## Work order
Using the data that follows, return exactly the lines from the one that contains "f x = deriv" through the one that contains "using DERIV_add[OF DERIV_const[of", ends included.

:: Excerpted records

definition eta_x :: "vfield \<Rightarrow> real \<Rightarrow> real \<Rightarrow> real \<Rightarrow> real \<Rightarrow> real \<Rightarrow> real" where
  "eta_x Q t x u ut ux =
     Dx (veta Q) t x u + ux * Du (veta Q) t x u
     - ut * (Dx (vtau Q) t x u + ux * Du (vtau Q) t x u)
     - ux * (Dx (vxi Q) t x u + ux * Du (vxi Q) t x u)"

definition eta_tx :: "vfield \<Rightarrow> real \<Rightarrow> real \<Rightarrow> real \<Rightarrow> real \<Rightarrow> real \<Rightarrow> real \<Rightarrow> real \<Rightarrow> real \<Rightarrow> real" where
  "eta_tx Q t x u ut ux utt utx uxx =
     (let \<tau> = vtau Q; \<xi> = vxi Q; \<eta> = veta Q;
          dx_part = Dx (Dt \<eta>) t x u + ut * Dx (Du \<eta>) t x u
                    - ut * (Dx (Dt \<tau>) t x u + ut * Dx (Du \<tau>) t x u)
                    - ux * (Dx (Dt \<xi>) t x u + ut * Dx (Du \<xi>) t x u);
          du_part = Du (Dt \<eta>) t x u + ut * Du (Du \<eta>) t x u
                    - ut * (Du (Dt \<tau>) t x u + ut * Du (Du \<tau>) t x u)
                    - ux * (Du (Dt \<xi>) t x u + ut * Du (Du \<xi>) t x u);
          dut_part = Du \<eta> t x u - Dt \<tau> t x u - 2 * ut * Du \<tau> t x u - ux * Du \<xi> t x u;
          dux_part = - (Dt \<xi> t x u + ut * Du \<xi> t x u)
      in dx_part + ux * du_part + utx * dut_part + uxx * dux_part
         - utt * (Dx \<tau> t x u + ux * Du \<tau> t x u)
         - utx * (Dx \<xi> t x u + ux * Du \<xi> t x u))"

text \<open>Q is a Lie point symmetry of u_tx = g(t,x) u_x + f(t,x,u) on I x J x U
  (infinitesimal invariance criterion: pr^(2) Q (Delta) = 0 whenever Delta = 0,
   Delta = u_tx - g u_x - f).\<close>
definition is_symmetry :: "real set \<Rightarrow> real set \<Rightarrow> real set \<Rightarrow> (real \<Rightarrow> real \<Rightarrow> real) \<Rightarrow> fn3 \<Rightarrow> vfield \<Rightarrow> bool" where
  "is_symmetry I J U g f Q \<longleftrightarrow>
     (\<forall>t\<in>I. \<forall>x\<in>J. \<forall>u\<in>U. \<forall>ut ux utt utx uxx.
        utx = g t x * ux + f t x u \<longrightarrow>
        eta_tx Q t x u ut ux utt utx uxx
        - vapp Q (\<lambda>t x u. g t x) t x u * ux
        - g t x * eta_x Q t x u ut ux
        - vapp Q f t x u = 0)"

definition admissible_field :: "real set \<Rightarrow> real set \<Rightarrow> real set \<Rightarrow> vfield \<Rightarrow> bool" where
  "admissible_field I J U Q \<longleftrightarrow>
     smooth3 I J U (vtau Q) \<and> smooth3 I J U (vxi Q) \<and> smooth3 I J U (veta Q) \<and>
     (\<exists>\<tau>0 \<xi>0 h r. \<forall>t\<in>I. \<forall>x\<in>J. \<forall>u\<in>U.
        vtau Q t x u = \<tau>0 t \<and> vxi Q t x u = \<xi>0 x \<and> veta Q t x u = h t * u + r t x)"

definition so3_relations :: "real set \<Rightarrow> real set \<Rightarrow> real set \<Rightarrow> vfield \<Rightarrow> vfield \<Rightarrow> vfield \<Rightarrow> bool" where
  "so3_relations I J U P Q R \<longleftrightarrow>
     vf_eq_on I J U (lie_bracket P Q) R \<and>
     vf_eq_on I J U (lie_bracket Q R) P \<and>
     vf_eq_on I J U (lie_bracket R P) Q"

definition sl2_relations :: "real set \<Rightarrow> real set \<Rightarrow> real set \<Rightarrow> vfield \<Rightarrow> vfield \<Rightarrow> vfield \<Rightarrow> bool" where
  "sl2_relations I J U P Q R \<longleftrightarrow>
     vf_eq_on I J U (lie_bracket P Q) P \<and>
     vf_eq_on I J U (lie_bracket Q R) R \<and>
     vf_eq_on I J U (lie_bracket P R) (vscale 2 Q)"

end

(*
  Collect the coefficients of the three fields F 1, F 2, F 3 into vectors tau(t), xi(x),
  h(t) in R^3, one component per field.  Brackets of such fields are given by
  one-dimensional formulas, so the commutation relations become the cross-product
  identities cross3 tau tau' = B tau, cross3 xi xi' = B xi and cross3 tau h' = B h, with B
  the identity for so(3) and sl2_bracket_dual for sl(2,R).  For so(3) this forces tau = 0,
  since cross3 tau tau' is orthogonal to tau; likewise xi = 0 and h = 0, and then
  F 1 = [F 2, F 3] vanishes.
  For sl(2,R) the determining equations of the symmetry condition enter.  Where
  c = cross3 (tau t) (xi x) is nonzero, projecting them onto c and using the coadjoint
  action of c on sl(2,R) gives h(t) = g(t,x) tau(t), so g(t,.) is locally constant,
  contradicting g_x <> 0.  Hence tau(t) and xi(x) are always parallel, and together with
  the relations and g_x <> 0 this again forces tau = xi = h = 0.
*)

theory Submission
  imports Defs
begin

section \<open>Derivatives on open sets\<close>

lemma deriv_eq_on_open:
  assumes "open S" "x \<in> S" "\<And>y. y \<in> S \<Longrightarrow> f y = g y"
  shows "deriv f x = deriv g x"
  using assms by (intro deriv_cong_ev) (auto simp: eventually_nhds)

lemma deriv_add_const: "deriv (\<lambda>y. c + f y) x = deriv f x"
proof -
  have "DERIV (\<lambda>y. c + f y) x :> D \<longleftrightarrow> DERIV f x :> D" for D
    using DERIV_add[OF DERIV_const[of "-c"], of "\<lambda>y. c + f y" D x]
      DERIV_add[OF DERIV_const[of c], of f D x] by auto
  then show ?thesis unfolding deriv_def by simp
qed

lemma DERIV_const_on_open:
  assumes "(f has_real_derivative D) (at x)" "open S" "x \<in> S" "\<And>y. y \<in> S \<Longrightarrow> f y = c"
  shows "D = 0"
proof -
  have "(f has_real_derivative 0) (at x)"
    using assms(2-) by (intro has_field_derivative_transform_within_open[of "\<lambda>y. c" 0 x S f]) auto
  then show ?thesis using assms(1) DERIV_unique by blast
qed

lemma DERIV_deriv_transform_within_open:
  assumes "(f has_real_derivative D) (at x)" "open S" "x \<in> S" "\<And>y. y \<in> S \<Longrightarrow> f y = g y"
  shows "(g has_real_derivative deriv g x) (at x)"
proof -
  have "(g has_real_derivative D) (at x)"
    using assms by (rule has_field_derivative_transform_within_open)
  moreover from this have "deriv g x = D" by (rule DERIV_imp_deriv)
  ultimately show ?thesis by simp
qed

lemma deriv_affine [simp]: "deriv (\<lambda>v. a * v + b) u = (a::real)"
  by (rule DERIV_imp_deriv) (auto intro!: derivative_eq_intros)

::::

## Finished exercise
  shows "deriv f x = deriv g x"
  using assms by (intro deriv_cong_ev) (auto simp: eventually_nhds)

lemma deriv_add_const: "deriv (\<lambda>y. c + f y) x = deriv f x"
proof -
  have "DERIV (\<lambda>y. c + f y) x :> D \<longleftrightarrow> DERIV f x :> D" for D
    using DERIV_add[OF DERIV_const[of "-c"], of "\<lambda>y. c + f y" D x]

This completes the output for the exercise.